■ Problem: Using the records below, write out again exactly the lines that begin at the line containing "(dotd d (path_weight \<beta> hs'" and end at the line containing "hs * \<beta>^2 \<le> 1 \<and>", and no other lines.

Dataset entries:
★ ★ ★ ★ ★

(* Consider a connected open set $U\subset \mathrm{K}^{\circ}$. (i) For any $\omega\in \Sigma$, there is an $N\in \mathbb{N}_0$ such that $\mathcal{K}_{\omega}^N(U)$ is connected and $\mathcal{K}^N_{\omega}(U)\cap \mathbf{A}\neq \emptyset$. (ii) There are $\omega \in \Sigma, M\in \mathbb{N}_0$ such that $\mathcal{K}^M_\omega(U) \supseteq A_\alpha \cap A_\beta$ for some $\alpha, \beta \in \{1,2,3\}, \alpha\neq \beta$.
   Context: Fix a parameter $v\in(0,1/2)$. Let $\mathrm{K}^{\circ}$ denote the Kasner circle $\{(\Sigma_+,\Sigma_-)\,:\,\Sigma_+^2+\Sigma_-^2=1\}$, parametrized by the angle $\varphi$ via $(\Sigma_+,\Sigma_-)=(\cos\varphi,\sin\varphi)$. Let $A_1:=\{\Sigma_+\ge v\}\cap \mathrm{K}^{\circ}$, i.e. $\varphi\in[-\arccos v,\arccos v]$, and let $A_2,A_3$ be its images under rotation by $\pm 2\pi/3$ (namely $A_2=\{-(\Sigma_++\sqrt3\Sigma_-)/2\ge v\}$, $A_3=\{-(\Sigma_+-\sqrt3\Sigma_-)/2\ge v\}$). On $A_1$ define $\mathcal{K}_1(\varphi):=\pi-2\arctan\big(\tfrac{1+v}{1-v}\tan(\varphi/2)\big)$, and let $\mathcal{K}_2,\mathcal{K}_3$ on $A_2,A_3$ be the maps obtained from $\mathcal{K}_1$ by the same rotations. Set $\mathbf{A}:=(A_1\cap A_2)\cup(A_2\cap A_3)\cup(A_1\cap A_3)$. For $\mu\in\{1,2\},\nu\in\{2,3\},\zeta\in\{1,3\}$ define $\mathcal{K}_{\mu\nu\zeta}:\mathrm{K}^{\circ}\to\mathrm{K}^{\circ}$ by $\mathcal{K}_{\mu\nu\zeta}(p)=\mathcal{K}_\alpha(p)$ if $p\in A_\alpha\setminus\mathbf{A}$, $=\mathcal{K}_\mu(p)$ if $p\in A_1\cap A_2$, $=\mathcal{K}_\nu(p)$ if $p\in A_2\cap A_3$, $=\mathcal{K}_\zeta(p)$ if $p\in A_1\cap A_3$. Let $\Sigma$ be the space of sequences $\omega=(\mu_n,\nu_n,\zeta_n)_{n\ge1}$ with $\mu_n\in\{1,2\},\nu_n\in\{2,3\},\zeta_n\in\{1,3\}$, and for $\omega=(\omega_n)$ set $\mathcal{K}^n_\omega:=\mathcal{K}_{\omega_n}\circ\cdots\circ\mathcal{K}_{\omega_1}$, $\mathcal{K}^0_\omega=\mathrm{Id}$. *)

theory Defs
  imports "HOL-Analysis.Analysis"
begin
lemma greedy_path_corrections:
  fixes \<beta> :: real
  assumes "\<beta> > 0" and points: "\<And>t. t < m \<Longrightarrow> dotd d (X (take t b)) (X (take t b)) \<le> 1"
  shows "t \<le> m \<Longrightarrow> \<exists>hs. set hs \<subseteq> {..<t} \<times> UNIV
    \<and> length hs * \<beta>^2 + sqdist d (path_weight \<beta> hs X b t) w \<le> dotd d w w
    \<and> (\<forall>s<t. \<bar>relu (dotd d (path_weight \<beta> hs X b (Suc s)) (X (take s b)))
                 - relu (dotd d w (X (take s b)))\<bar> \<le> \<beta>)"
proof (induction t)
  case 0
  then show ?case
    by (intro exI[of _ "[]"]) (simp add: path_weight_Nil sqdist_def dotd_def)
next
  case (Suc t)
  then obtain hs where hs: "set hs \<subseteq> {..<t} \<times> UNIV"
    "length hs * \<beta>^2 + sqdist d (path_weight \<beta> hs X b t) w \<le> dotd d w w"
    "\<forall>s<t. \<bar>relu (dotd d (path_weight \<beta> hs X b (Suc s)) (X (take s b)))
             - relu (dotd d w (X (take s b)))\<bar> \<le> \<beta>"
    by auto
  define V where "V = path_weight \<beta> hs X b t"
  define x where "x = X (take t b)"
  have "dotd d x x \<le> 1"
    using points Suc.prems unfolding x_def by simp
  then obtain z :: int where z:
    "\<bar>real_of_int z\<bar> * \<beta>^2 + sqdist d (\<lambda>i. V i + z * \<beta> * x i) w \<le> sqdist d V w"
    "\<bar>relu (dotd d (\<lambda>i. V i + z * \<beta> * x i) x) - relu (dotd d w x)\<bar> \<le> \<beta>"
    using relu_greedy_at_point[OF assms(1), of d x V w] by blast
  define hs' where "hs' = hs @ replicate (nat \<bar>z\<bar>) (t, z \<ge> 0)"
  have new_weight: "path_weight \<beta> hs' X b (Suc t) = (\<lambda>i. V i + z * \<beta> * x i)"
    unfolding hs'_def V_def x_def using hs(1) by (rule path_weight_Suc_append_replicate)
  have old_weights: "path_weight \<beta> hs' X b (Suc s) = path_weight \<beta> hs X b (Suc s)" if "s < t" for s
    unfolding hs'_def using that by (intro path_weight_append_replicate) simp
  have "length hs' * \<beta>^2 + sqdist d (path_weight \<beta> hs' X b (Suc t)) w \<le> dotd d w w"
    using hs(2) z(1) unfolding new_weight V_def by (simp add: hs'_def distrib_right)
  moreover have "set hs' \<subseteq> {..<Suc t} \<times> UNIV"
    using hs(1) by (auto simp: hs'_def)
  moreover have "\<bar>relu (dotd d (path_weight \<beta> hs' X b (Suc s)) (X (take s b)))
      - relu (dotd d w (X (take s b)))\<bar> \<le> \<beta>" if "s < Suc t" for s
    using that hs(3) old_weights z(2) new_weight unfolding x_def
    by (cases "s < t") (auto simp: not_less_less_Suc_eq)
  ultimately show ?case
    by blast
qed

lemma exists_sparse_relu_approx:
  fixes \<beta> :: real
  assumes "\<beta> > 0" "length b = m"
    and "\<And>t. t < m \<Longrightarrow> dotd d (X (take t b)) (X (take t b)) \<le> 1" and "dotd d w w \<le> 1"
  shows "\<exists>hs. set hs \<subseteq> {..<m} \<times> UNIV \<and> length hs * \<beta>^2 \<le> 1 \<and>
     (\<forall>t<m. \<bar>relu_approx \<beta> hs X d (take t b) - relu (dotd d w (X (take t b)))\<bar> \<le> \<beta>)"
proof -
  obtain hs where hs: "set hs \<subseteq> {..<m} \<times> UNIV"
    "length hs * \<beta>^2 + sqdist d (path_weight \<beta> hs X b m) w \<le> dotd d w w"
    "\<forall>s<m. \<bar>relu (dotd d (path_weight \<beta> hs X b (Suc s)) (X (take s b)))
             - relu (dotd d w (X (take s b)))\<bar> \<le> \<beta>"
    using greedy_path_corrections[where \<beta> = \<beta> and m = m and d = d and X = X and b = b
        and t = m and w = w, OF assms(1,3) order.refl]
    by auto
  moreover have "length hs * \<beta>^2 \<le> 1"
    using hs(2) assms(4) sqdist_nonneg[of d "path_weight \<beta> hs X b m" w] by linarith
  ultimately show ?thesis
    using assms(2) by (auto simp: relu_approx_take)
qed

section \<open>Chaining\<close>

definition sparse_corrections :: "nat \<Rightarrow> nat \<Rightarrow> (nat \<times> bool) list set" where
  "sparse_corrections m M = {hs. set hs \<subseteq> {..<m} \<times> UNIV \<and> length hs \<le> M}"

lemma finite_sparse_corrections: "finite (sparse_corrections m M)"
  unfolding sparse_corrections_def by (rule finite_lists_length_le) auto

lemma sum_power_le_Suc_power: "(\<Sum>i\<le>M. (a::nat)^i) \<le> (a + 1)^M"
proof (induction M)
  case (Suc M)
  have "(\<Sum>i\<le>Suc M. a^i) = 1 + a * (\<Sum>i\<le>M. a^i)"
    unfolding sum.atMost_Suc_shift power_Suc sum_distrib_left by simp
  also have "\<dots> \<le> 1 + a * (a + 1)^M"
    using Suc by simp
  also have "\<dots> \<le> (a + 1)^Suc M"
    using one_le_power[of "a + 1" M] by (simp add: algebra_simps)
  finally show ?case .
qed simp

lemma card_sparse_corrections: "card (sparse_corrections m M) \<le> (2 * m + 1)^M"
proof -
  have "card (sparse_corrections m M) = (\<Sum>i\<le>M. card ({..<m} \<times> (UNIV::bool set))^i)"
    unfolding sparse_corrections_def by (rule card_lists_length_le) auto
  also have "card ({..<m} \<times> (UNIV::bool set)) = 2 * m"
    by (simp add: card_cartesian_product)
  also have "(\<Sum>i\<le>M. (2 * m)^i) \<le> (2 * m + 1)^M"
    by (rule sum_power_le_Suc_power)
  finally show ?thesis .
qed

★ ★ ★ ★ ★

■ Task response:
  moreover have "\<bar>relu (dotd d (path_weight \<beta> hs' X b (Suc s)) (X (take s b)))
      - relu (dotd d w (X (take s b)))\<bar> \<le> \<beta>" if "s < Suc t" for s
    using that hs(3) old_weights z(2) new_weight unfolding x_def
    by (cases "s < t") (auto simp: not_less_less_Suc_eq)
  ultimately show ?case
    by blast
qed

lemma exists_sparse_relu_approx:
  fixes \<beta> :: real
  assumes "\<beta> > 0" "length b = m"
    and "\<And>t. t < m \<Longrightarrow> dotd d (X (take t b)) (X (take t b)) \<le> 1" and "dotd d w w \<le> 1"
  shows "\<exists>hs. set hs \<subseteq> {..<m} \<times> UNIV \<and> length hs * \<beta>^2 \<le> 1 \<and>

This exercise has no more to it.